Of the lines below, copy those that hold the word "where".

> _DATASET ENTRIES_:
►
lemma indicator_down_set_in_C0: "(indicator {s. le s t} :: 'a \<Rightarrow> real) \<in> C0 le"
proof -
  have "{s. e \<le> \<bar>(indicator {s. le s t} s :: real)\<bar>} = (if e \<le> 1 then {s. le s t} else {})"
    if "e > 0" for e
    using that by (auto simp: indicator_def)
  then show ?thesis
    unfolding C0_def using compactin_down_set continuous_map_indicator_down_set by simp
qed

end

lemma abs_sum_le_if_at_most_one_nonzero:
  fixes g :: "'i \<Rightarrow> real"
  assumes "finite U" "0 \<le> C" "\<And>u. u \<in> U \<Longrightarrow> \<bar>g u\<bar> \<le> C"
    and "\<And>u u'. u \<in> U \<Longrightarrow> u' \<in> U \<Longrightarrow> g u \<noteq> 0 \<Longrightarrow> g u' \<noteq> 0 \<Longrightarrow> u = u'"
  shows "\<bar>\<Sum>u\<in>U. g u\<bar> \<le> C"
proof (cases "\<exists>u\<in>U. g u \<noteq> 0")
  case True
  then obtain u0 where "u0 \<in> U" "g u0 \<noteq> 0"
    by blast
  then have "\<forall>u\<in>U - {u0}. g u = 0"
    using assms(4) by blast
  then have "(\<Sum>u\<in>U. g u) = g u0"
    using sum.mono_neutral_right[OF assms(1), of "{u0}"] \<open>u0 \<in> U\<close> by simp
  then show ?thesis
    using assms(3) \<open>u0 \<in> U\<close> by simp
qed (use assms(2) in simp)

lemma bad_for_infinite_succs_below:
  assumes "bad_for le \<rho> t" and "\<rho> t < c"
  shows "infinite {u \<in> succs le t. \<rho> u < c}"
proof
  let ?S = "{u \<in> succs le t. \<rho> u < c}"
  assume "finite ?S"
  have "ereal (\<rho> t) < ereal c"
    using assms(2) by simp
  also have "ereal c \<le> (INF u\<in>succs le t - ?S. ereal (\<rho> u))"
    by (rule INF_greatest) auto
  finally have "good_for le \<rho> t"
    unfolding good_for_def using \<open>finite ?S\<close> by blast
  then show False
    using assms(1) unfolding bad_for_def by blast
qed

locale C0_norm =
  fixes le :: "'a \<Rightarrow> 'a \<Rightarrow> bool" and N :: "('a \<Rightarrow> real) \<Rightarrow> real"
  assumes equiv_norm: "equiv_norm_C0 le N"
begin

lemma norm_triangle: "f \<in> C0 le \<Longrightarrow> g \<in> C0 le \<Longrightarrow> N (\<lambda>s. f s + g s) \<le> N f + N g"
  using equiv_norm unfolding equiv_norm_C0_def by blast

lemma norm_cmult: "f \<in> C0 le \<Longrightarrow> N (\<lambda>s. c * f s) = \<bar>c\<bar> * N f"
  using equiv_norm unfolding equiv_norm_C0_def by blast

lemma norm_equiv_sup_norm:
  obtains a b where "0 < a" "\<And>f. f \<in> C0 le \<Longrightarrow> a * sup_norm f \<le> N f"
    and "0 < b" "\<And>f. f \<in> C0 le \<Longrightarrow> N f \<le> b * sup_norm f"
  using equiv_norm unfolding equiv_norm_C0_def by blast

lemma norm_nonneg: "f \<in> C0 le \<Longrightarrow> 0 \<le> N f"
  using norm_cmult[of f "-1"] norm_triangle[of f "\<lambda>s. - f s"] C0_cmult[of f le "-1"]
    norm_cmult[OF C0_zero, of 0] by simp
◄
> _ANSWER BELOW_:
  then obtain u0 where "u0 \<in> U" "g u0 \<noteq> 0"
  obtains a b where "0 < a" "\<And>f. f \<in> C0 le \<Longrightarrow> a * sup_norm f \<le> N f"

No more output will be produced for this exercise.